# Double Decker Pet Stroller Reccommendation



## sophie (Jul 9, 2006)

Does anyone have this stroller or any recommendations for a similar stroller? I'm looking for something I can use to get all of them into the vet, groomer, etc., at the same time. Just not sure how durable this looks. Last visit trying to get them all into the vet at the same time was a circus. 

If it would double as car carriers that would be a bonus as the Large Lookout we've been using isn't working out anymore. After all these years, Sophie and Annie have started to climb all over each other in it, trying to change sides, and they've been getting their legs twisted in the loops. I had to pull over the other day and untangle them and Sophie's leg. Ruby uses a soft sided Petmate carrier in the car, but it's getting old and doesn't have a shoulder strap, just a hand strap.

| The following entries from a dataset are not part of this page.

text \<open>Applied at \<open>x\<close> and at \<open>y\<close>, the bound traps the difference quotient between
  \<open>D y - \<bar>y - x\<bar>\<close> and \<open>D x + \<bar>y - x\<bar>\<close>.\<close>
lemma has_real_derivative_if_quadratic_bound:
  fixes G D :: "real \<Rightarrow> real"
  assumes bound: "\<And>x y. x \<in> S \<Longrightarrow> y \<in> S \<Longrightarrow> G y - G x \<le> (y - x) * D x + (y - x)\<^sup>2"
    and cont: "(D \<longlongrightarrow> D x) (at x within S)" and x: "x \<in> S"
  shows "(G has_real_derivative D x) (at x within S)"
  unfolding has_field_derivative_iff
proof -
  have "\<bar>(G y - G x) / (y - x) - D x\<bar> \<le> \<bar>D y - D x\<bar> + \<bar>y - x\<bar>" if "y \<in> S" "y \<noteq> x" for y
  proof -
    have upper: "(G y - G x) / (y - x) \<le> D x + (y - x)" if "x < y" "x \<in> S" "y \<in> S" for x y
    proof -
      have "G y - G x \<le> (D x + (y - x)) * (y - x)"
        using bound[OF that(2,3)] by (simp add: power2_eq_square algebra_simps)
      then show ?thesis
        using that(1) by (simp add: pos_divide_le_eq)
    qed
    have lower: "D y - (y - x) \<le> (G y - G x) / (y - x)" if "x < y" "x \<in> S" "y \<in> S" for x y
    proof -
      have "(D y - (y - x)) * (y - x) \<le> G y - G x"
        using bound[OF that(3,2)] by (simp add: power2_eq_square algebra_simps)
      then show ?thesis
        using that(1) by (simp add: pos_le_divide_eq)
    qed
    have swap: "(G y - G x) / (y - x) = (G x - G y) / (x - y)"
      by (simp add: divide_simps) (simp add: algebra_simps)
    show ?thesis
      using that x upper[of x y] lower[of x y] upper[of y x] lower[of y x]
      by (cases "x < y") (auto simp: abs_if swap)
  qed
  then have "eventually (\<lambda>y. norm ((G y - G x) / (y - x) - D x) \<le> \<bar>D y - D x\<bar> + \<bar>y - x\<bar>) (at x within S)"
    by (auto simp: eventually_at_filter)
  moreover have "((\<lambda>y. \<bar>D y - D x\<bar> + \<bar>y - x\<bar>) \<longlongrightarrow> 0) (at x within S)"
  proof -
    have "((\<lambda>y. \<bar>D y - D x\<bar> + \<bar>y - x\<bar>) \<longlongrightarrow> \<bar>D x - D x\<bar> + \<bar>x - x\<bar>) (at x within S)"
      by (intro tendsto_intros cont)
    then show ?thesis
      by simp
  qed
  ultimately have "((\<lambda>y. (G y - G x) / (y - x) - D x) \<longlongrightarrow> 0) (at x within S)"
    by (rule Lim_null_comparison)
  then show "((\<lambda>y. (G y - G x) / (y - x)) \<longlongrightarrow> D x) (at x within S)"
    by (simp add: LIM_zero_iff)
qed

I also need one of the carriers to be able to hold two: a five pounder and a 12 pounder. I can't put Annie and Ruby together as Annie is not a big fan of Ruby when in close quarters.  Thanks!!!

Thanks for any input!


----------



## Furbabies mom (Jul 25, 2011)

I don't have a double decker stroller, but one that holds two, and a large one for all four of mine. 
I like this one from Amazon

Amazon.com : Guardian Gear Double Decker Pet Stroller for Dogs and Cats, Grape : Pet Carrier Strollers : Pet Supplies


----------



## sophie (Jul 9, 2006)

Thanks, Deborah. I saw that one, too, but not sure if the carriers detach to use in the car and they look so closed in. I get claustrophobia just looking at it. lol


----------



## Furbabies mom (Jul 25, 2011)

sophie said:


> Thanks, Deborah. I saw that one, too, but not sure if the carriers detach to use in the car and they look so closed in. I get claustrophobia just looking at it. lol


I don't think that the top comes off. The fabric rolls up so that they can see out. 
Does the one that you're looking at, able to use each compartment as a carrier as well? That's a great feature. From the car to the stroller without having to take them out!


----------



## sophie (Jul 9, 2006)

Yes, both carriers detach. I'm thinking of buying it as it's only about $50. 
I like the kittywalk, but that one is over $300!!!


----------